Un procès lié à une mobilisation ouvrière de près d’un demi-siècle
Une des particularités qui distinguent le procès de Turin d’autres procès est l’histoire des travailleurs et de la population de Casale Monferrato comme acteur collectif. Dans de nombreux autres cas, notamment dans des procédures de « class action » aux Etats-Unis, la naissance d’un acteur collectif apparaît comme la conséquence d’une action judiciaire. Le concept de « victimes » apparaît comme un facteur d’agrégation lié à la dynamique propre d’un procès. A Casale Monferrato, la situation est très différente. La conscience des dangers de l’amiante est apparue dans le cadre d’une action ouvrière qui s’est radicalisée peu à peu. Elle s’est élargie à l’ensemble de la population. Cette dynamique a été ponctuée par différentes actions judiciaires, dont les résultats ont parfois été très décevants mais elle n’a pas été déterminée par ces actions.
Dans une large mesure, l’énorme travail d’enquête du pouvoir judiciaire n’a été possible que parce qu’une mémoire collective s’est formée, a établi ses propres moyens de documenter et d’investiguer. La mobilisation sociale s’est donné les moyens d’une appropriation critique de la réalité sociale. Elle a produit des alliances entre ouvriers et scientifiques. Elle a remis en cause l’interprétation de la réalité par les acteurs institutionnels. Cette conquête de l’autonomie dans la connaissance apparaît avec force dans la précision avec laquelle le procès a pu aborder l’histoire des conditions de travail, de l’organisation de l’entreprise et des conséquences de l’activité d’Eternit pour la santé. Une telle base s’est avérée indispensable aussi pour une réinterprétation innovante de concepts classiques du droit comme la causalité, la responsabilité et la faute volontaire.

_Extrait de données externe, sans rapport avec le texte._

(* Let $m\ge1$. The map sending the double coset $\Gamma(4m)\,g\,\Gamma_\ell(2)$ of $g\in\Gamma_{2m}(2)$ to the cohomology class of $f_{\tau(g)g^{-1}}$ is a well-defined bijection $$\Gamma(4m)\backslash\Gamma_{2m}(2)/\Gamma_\ell(2)\ \cong\ H^1(\mathbb C/\mathbb R,\Gamma(4m))$$ (induced by the short exact sequence $1\to\Gamma(4m)\to\Gamma_{2m}(2)\to\Gamma(4m)\backslash\Gamma_{2m}(2)\to1$).
   Context: $\mathbf{Sp}(2n,\mathbb Z)$: integral $2n\times2n$ matrices $g=\begin{pmatrix}A&B\\C&D\end{pmatrix}$ with ${}^tgJg=J$, $J=\begin{pmatrix}0&I\\-I&0\end{pmatrix}$. $\tau\begin{pmatrix}A&B\\C&D\end{pmatrix}=\begin{pmatrix}A&-B\\-C&D\end{pmatrix}$. $\Gamma(4m)=\{\gamma\in\mathbf{Sp}(2n,\mathbb Z):\gamma\equiv I\bmod4m\}$; $\Gamma_{2m}(2)=\{\begin{pmatrix}A&B\\C&D\end{pmatrix}\in\mathbf{Sp}(2n,\mathbb Z):A,D\equiv I\bmod2,\ B,C\equiv0\bmod2m\}$; $\Gamma_\ell(2)=\{U\in\mathbf{GL}(n,\mathbb Z):U\equiv I\bmod2\}$ embedded via $U\mapsto\mathrm{diag}(U,{}^tU^{-1})$. For $\gamma\in\Gamma(4m)$ with $\gamma\tau(\gamma)=I$, $f_\gamma$ is the 1-cocycle of $\mathrm{Gal}(\mathbb C/\mathbb R)=\{1,\tau\}$ with $f_\gamma(\tau)=\gamma$; $f_\gamma,f_{\gamma'}$ are cohomologous if $\gamma'=\tau(h)\gamma h^{-1}$ for some $h\in\Gamma(4m)$; $H^1(\mathbb C/\mathbb R,\Gamma(4m))$ is the set of classes. *)

theory Defs
  imports "Jordan_Normal_Form.Matrix" "HOL-Number_Theory.Cong"
begin

text \<open>Integral 2n x 2n matrices are represented as int mat of dimension 2n x 2n;
  block (A,B;C,D) means rows/columns with index < n belong to the first block.\<close>

definition Jmat :: "nat \<Rightarrow> int mat" where
  "Jmat n = four_block_mat (0\<^sub>m n n) (1\<^sub>m n) (- 1\<^sub>m n) (0\<^sub>m n n)"

definition Sp :: "nat \<Rightarrow> int mat set" where
  "Sp n = {g \<in> carrier_mat (2*n) (2*n). transpose_mat g * Jmat n * g = Jmat n}"

definition tau :: "nat \<Rightarrow> int mat \<Rightarrow> int mat" where
  "tau n g = mat (dim_row g) (dim_col g)
     (\<lambda>(i,j). if (i < n) = (j < n) then g $$ (i,j) else - g $$ (i,j))"

definition Gamma_princ :: "nat \<Rightarrow> int \<Rightarrow> int mat set" where
  "Gamma_princ n N = {g \<in> Sp n. \<forall>i<2*n. \<forall>j<2*n.
      [g $$ (i,j) = (1\<^sub>m (2*n) :: int mat) $$ (i,j)] (mod N)}"

definition Gamma_2m_2 :: "nat \<Rightarrow> int \<Rightarrow> int mat set" where
  "Gamma_2m_2 n m = {g \<in> Sp n. \<forall>i<2*n. \<forall>j<2*n.
      (if (i < n) = (j < n)
       then [g $$ (i,j) = (1\<^sub>m (2*n) :: int mat) $$ (i,j)] (mod 2)
       else [g $$ (i,j) = 0] (mod 2*m))}"

text \<open>Gamma_l(2) = {U in GL(n,Z) : U = I mod 2}, embedded via U |-> diag(U, (U^t)^{-1}).\<close>
definition Gamma_l_2 :: "nat \<Rightarrow> int mat set" where
  "Gamma_l_2 n = {four_block_mat U (0\<^sub>m n n) (0\<^sub>m n n) (transpose_mat V) | U V.
      U \<in> carrier_mat n n \<and> V \<in> carrier_mat n n \<and> U * V = 1\<^sub>m n \<and> V * U = 1\<^sub>m n \<and>
      (\<forall>i<n. \<forall>j<n. [U $$ (i,j) = (1\<^sub>m n :: int mat) $$ (i,j)] (mod 2))}"

definition int_mat_inv :: "int mat \<Rightarrow> int mat" where
  "int_mat_inv g = (SOME h. h \<in> carrier_mat (dim_row g) (dim_row g) \<and>
      g * h = 1\<^sub>m (dim_row g) \<and> h * g = 1\<^sub>m (dim_row g))"

text \<open>1-cocycles f_gamma of Gal(C/R) in Gamma(4m): gamma in Gamma(4m) with gamma tau(gamma) = I.\<close>
definition cocycles :: "nat \<Rightarrow> int \<Rightarrow> int mat set" where
  "cocycles n N = {\<gamma> \<in> Gamma_princ n N. \<gamma> * tau n \<gamma> = 1\<^sub>m (2*n)}"

definition cohomologous :: "nat \<Rightarrow> int \<Rightarrow> int mat rel" where
  "cohomologous n N = {(\<gamma>, \<gamma>'). \<gamma> \<in> cocycles n N \<and> \<gamma>' \<in> cocycles n N \<and>
      (\<exists>h h'. h \<in> Gamma_princ n N \<and> h' \<in> carrier_mat (2*n) (2*n) \<and>
         h * h' = 1\<^sub>m (2*n) \<and> h' * h = 1\<^sub>m (2*n) \<and> \<gamma>' = tau n h * \<gamma> * h')}"

definition H1 :: "nat \<Rightarrow> int \<Rightarrow> int mat set set" where
  "H1 n N = cocycles n N // cohomologous n N"

definition coh_class :: "nat \<Rightarrow> int \<Rightarrow> int mat \<Rightarrow> int mat set" where
  "coh_class n N \<gamma> = cohomologous n N `` {\<gamma>}"

definition dcoset :: "nat \<Rightarrow> int \<Rightarrow> int mat \<Rightarrow> int mat set" where
  "dcoset n N g = {a * g * u | a u. a \<in> Gamma_princ n N \<and> u \<in> Gamma_l_2 n}"

definition double_cosets :: "nat \<Rightarrow> int \<Rightarrow> int mat set set" where
  "double_cosets n m = dcoset n (4*m) ` Gamma_2m_2 n m"

end

theory Submission
  imports Defs "Jordan_Normal_Form.Determinant"
begin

L’énorme enquête judiciaire a permis de réunir 2.969 cas. Plus de 2.200 morts et environ 700 malades de cancer. A Casale Monferrato, on dénombre près de 1.400 morts parmi les ouvriers d’Eternit auxquels s’ajoutent 252 morts dans la population et 16 ouvriers d’une entreprise sous-traitante. Les autres cas concernent environ 500 personnes à Bagnoli près de Naples, une centaine à Cavagnolo dans la province de Turin, une cinquantaine à Rubiera dans la province de Reggio Emilia. La responsabilité des dirigeants d’Eternit dans le décès de 11 ouvriers italiens qui avaient travaillé en Suisse sera également examinée. Cette partie du dossier a été une des plus difficiles à reconstruire. La Caisse Nationale suisse d’Assurance en matière d’accidents (la SUVA) s’est longtemps opposée à la transmission des dossiers. Il a fallu une action devant la justice helvétique pour contraindre la SUVA à communiquer des informations.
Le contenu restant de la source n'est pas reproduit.